- Birth name: Alcebíades Maia Barcelos
- Born: 25 July 1902 Niterói, Rio de Janeiro, Brazil
- Died: 18 March 1975 (aged 72) Rio de Janeiro, Brazil
- Genres: Samba
- Occupation(s): Composer, musician

= Alcebíades Barcelos =

Alcebíades Maia Barcelos (25 July 1902 – 18 March 1975), also known by his stage name Bide, was a Brazilian samba musician and composer.

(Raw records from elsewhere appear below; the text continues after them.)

lemma exists_nbr_notin_pair:
  assumes "graph K" "3 \<le> degree K v"
  obtains r where "r \<in> nbrs K v" "r \<notin> {p, q}"
proof -
  have "\<not> nbrs K v \<subseteq> {p, q}"
  proof
    assume "nbrs K v \<subseteq> {p, q}"
    then have "card (nbrs K v) \<le> card {p, q}"
      by (rule card_mono[rotated]) simp
    also have "\<dots> \<le> 2"
      by (simp add: card_insert_if)
    finally have "card (nbrs K v) \<le> 2" .
    then show False
      using assms by (simp add: card_nbrs)
  qed
  then show ?thesis using that by blast
qed

lemma card_boundary_edge_le:
  assumes "graph K" "{p, q} \<in> edges K"
  shows "card (boundary K {p, q}) \<le> degree K p + degree K q - 2"
proof -
  define Ep where "Ep = {e \<in> edges K. p \<in> e}"
  define Eq where "Eq = {e \<in> edges K. q \<in> e}"
  have fin: "finite Ep" "finite Eq"
    unfolding Ep_def Eq_def using finite_edges[OF assms(1)] by auto
  have pq: "{p, q} \<in> Ep \<inter> Eq"
    using assms(2) by (simp add: Ep_def Eq_def)
  have "boundary K {p, q} \<subseteq> (Ep \<union> Eq) - {{p, q}}"
    by (auto simp: boundary_def Ep_def Eq_def)
  then have "card (boundary K {p, q}) \<le> card (Ep \<union> Eq) - 1"
    using fin pq card_mono[of "Ep \<union> Eq - {{p, q}}"] by (simp add: card_Diff_singleton)
  moreover have "1 \<le> card (Ep \<inter> Eq)"
    using pq fin by (metis Suc_le_eq card_gt_0_iff empty_iff finite_Int One_nat_def)
  ultimately show ?thesis
    using card_Un_Int[OF fin] by (simp add: degree_def Ep_def[symmetric] Eq_def[symmetric])
qed

lemma restricted_edge_cut_boundary_edge:
  assumes "graph K" "{p, q} \<in> edges K" and deg: "\<forall>v\<in>verts K. 3 \<le> degree K v"
  shows "restricted_edge_cut K (boundary K {p, q})"
proof -
  let ?R = "adj (verts K, edges K - boundary K {p, q})"
  have pq: "p \<noteq> q" "p \<in> verts K" "q \<in> verts K"
    using graph_edge_endpoints[OF assms(1,2)] by auto
  have R_iff: "(a, b) \<in> ?R \<longleftrightarrow> {a, b} \<in> edges K \<and> (a \<in> {p, q} \<longleftrightarrow> b \<in> {p, q})" for a b
    using edge_in_boundary_iff[OF assms(1), of a b "{p, q}"] by (auto simp: adj_def)
  have escape: "\<exists>r\<in>verts K. r \<noteq> v \<and> (v, r) \<in> ?R\<^sup>*" if v: "v \<in> verts K" for v
  proof (cases "v \<in> {p, q}")
    case True
    have "(p, q) \<in> ?R" "(q, p) \<in> ?R"
      using assms(2) by (auto simp: R_iff insert_commute)
    then show ?thesis
      using True pq by (auto intro: r_into_rtrancl)
  next
    case False
    obtain r where r: "r \<in> nbrs K v" "r \<notin> {p, q}"
      using exists_nbr_notin_pair[OF assms(1)] deg v by metis
    then have "{v, r} \<in> edges K" "r \<in> verts K" "r \<noteq> v"
      using graph_edge_endpoints[OF assms(1)] by (auto simp: nbrs_def)
    then show ?thesis
      using False r(2) R_iff by (blast intro: r_into_rtrancl)
  qed
  obtain w where "w \<in> nbrs K p" "w \<notin> {p, q}"
    using exists_nbr_notin_pair[OF assms(1)] deg pq by metis
  then have "w \<in> verts K - {p, q}"
    using nbrs_subset[OF assms(1)] by blast
  then have "\<not> connected (verts K, edges K - boundary K {p, q})"
    using pq by (intro not_connected_remove_boundary[OF assms(1), of p]) auto
  then show ?thesis
    using escape boundary_subset_edges by (simp add: restricted_edge_cut_def)
qed

lemma exists_restricted_edge_cut_le_min_edge_degree:
  assumes "graph K" "edges K \<noteq> {}" "\<forall>v\<in>verts K. 3 \<le> degree K v"
  obtains S where "restricted_edge_cut K S" "card S \<le> min_edge_degree K"
proof -
  obtain p q where pq: "{p, q} \<in> edges K" "min_edge_degree K = degree K p + degree K q - 2"
    using min_edge_degree_attained[OF assms(1,2)] by blast
  show ?thesis
    using that[OF restricted_edge_cut_boundary_edge[OF assms(1) pq(1) assms(3)]]
      card_boundary_edge_le[OF assms(1) pq(1)] pq(2) by simp
qed
lemma norm_2inf_p_le_sqrt_norm_0inf_p:
  assumes "0 < N" "0 \<le> B"
    and off_support: "\<And>c. c < N * m \<Longrightarrow> \<Gamma> c = 0 \<Longrightarrow> V c = 0"
    and on_support: "\<And>c. c < N * m \<Longrightarrow> \<Gamma> c \<noteq> 0 \<Longrightarrow> \<bar>V c\<bar> \<le> B"
  shows "norm_2inf_p N n m V \<le> sqrt (real (norm_0inf_p N n m \<Gamma>)) * B"
  unfolding norm_2inf_p_def
proof (rule Max.boundedI)
  show "(\<lambda>j. sqrt (\<Sum>c\<in>patch_set N n m j. (V c)\<^sup>2)) ` {..<N} \<noteq> {}"
    using \<open>0 < N\<close> by auto
next
  fix x assume "x \<in> (\<lambda>j. sqrt (\<Sum>c\<in>patch_set N n m j. (V c)\<^sup>2)) ` {..<N}"
  then obtain j where "j < N" and x: "x = sqrt (\<Sum>c\<in>patch_set N n m j. (V c)\<^sup>2)" by auto
  define P where "P = patch_set N n m j"
  define Q where "Q = {c \<in> P. \<Gamma> c \<noteq> 0}"
  have "finite P" unfolding P_def patch_set_def by simp
  have P_bound: "c < N * m" if "c \<in> P" for c using that unfolding P_def patch_set_def by simp
  have "(\<Sum>c\<in>P. (V c)\<^sup>2) = (\<Sum>c\<in>Q. (V c)\<^sup>2)"
    by (rule sum.mono_neutral_right[OF \<open>finite P\<close>]) (use off_support P_bound in \<open>auto simp: Q_def\<close>)
  also have "\<dots> \<le> (\<Sum>c\<in>Q. B\<^sup>2)"
  proof (rule sum_mono)
    fix c assume "c \<in> Q"
    then have "\<bar>V c\<bar> \<le> B" using on_support P_bound unfolding Q_def by auto
    then show "(V c)\<^sup>2 \<le> B\<^sup>2" by (metis abs_ge_zero power2_abs power_mono)
  qed
  finally have "x \<le> sqrt (real (card Q) * B\<^sup>2)" unfolding x P_def by simp
  also have "\<dots> = sqrt (real (card Q)) * B" using \<open>0 \<le> B\<close> by (simp add: real_sqrt_mult)
  finally have "x \<le> sqrt (real (card Q)) * B" .
  moreover have "card Q \<le> norm_0inf_p N n m \<Gamma>"
    unfolding norm_0inf_p_def Q_def P_def by (rule Max_ge) (use \<open>j < N\<close> in auto)
  then have "sqrt (real (card Q)) * B \<le> sqrt (real (norm_0inf_p N n m \<Gamma>)) * B"
    using \<open>0 \<le> B\<close> by (simp add: mult_right_mono)
  ultimately show "x \<le> sqrt (real (norm_0inf_p N n m \<Gamma>)) * B" by linarith
qed simp
lemma hanging_Node_in:
  "y \<in> P \<Longrightarrow> hanging P \<langle>l, y, r\<rangle> = hanging (P \<inter> set_tree l) l \<union> hanging (P \<inter> set_tree r) r"
  using hanging_cong[of P l "P \<inter> set_tree l"] hanging_cong[of P r "P \<inter> set_tree r"] by auto

lemma hanging_empty: "hanging {} t = (if t = Leaf then {} else {t})"
  by (cases t) auto

lemma set_tree_hanging_subset: "H \<in> hanging P t \<Longrightarrow> set_tree H \<subseteq> set_tree t"
  by (induction t) (auto split: if_splits)

lemma Leaf_notin_hanging: "Leaf \<notin> hanging P t"
  by (induction t) auto

lemma hanging_Diff_Leaf [simp]: "hanging P t - {Leaf} = hanging P t"
  using Leaf_notin_hanging by blast

lemma image_Un_fixed_right_minus_Leaf:
  "(\<And>G. G \<in> Gs \<Longrightarrow> f G = G) \<Longrightarrow> Leaf \<notin> Gs \<Longrightarrow> f ` (Hs \<union> Gs) - {Leaf} = (f ` Hs - {Leaf}) \<union> Gs"
  by (force simp: image_Un)

lemma image_Un_fixed_left_minus_Leaf:
  "(\<And>G. G \<in> Gs \<Longrightarrow> f G = G) \<Longrightarrow> Leaf \<notin> Gs \<Longrightarrow> f ` (Gs \<union> Hs) - {Leaf} = Gs \<union> (f ` Hs - {Leaf})"
  by (force simp: image_Un)

fun ins :: "'a::linorder \<Rightarrow> 'a tree \<Rightarrow> 'a tree" where
  "ins x Leaf = \<langle>Leaf, x, Leaf\<rangle>"
| "ins x \<langle>l, y, r\<rangle> =
     (if x < y then \<langle>ins x l, y, r\<rangle> else if y < x then \<langle>l, y, ins x r\<rangle> else \<langle>l, y, r\<rangle>)"

lemma set_tree_ins [simp]: "set_tree (ins x t) = insert x (set_tree t)"
  by (induction t) auto

lemma bst_ins: "bst t \<Longrightarrow> bst (ins x t)"
  by (induction t) auto

lemma top_part_ins: "top_part P t \<Longrightarrow> x \<notin> P \<Longrightarrow> top_part P (ins x t)"
proof (induction t arbitrary: P)
  case (Node l y r)
  then show ?case
    by (cases "P = {}") (auto simp: Int_insert_right)
qed simp

definition same_gap :: "'a::linorder set \<Rightarrow> 'a \<Rightarrow> 'a \<Rightarrow> bool" where
  "same_gap P x z \<longleftrightarrow> (\<forall>p\<in>P. p < x \<longleftrightarrow> p < z)"

abbreviation shares_gap :: "'a::linorder set \<Rightarrow> 'a \<Rightarrow> 'a tree \<Rightarrow> bool" where
  "shares_gap P x H \<equiv> \<exists>z\<in>set_tree H. same_gap P x z"

text \<open>Inserting an untouched key x lands it in the hanging subtree lying in the same gap of the
  touched set P, or makes it a new hanging leaf if there is none. The outcome depends only on P and
  on the hanging subtrees, not on the shape of the top part.\<close>

definition ins_hanging :: "'a::linorder set \<Rightarrow> 'a \<Rightarrow> 'a tree set \<Rightarrow> 'a tree set" where
  "ins_hanging P x Hs =
     (\<lambda>H. if shares_gap P x H then ins x H else H) ` Hs \<union>
     (if \<exists>H\<in>Hs. shares_gap P x H then {} else {\<langle>Leaf, x, Leaf\<rangle>})"

lemma ins_hanging_Un:
  assumes "y \<in> P" and "P \<subseteq> insert y (A \<union> B)"
    and "\<And>H. H \<in> Hs \<Longrightarrow> set_tree H \<subseteq> A" and "\<And>G. G \<in> Gs \<Longrightarrow> set_tree G \<subseteq> B"
    and "(\<forall>w\<in>insert x A. w < y) \<and> (\<forall>z\<in>B. y < z) \<or> (\<forall>w\<in>insert x A. y < w) \<and> (\<forall>z\<in>B. z < y)"
  shows "ins_hanging P x (Hs \<union> Gs) = ins_hanging (P \<inter> A) x Hs \<union> Gs"
proof -
  have gap_A: "same_gap (P \<inter> A) x z \<longleftrightarrow> same_gap P x z" if "z \<in> A" for z
  proof -
    have "p < x \<longleftrightarrow> p < z" if "p \<in> P - A" for p
    proof -
      have "p = y \<or> p \<in> B"
        using assms(2) that by blast
      then show ?thesis
        using assms(5) \<open>z \<in> A\<close> by (auto; meson less_trans less_asym)
    qed
    then show ?thesis
      unfolding same_gap_def by blast
  qed
  have gap_B: "\<not> same_gap P x z" if "z \<in> B" for z
    using assms(1,5) that unfolding same_gap_def by (meson insertI1 order.asym)
  have "(\<exists>H\<in>Hs \<union> Gs. shares_gap P x H) \<longleftrightarrow> (\<exists>H\<in>Hs. shares_gap (P \<inter> A) x H)"
    using assms(3,4) gap_A gap_B by blast
  moreover have "(\<lambda>H. if shares_gap P x H then ins x H else H) ` (Hs \<union> Gs) =
      (\<lambda>H. if shares_gap (P \<inter> A) x H then ins x H else H) ` Hs \<union> Gs"
  proof -
    have "shares_gap P x H \<longleftrightarrow> shares_gap (P \<inter> A) x H" if "H \<in> Hs" for H
      using assms(3)[OF that] gap_A by blast
    moreover have "\<not> shares_gap P x G" if "G \<in> Gs" for G
      using assms(4)[OF that] gap_B by blast
    ultimately show ?thesis
      by (auto simp: image_Un intro!: image_cong)
  qed
  ultimately show ?thesis
    unfolding ins_hanging_def by auto
qed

Barcelos was born in Niterói in 1902. His brother, Mano Rubem, was a fellow samba musician. They moved to Rio de Janeiro, to the neighborhood of Estácio, in 1908. Initially a shoemaker, he frequently attended the Turma do Estácio samba de roda sessions in Estácio, and became acquainted with the samba musicians that brought the maxixe dance into the fold of the samba genre, as was the case at that time. He, along with Mano Rubem and other big names in samba at the time such as Ismael Silva, Heitor dos Prazeres, and Baiaco, formed Deixa Falar in 1928, considered to be the first samba school in Rio de Janeiro. He is also credited with creating the surdo as part of his work with Deixa Falar. He wrote songs for and collaborated with names such as Benedito Lacerda and Sílvio Caldas, though his most well-known collaboration came with Armando Marçal, the father of Mestre Marçal and grandfather of Armando Marçal.

After his career in samba, he kept a low profile until his death in 1975 in Rio de Janeiro.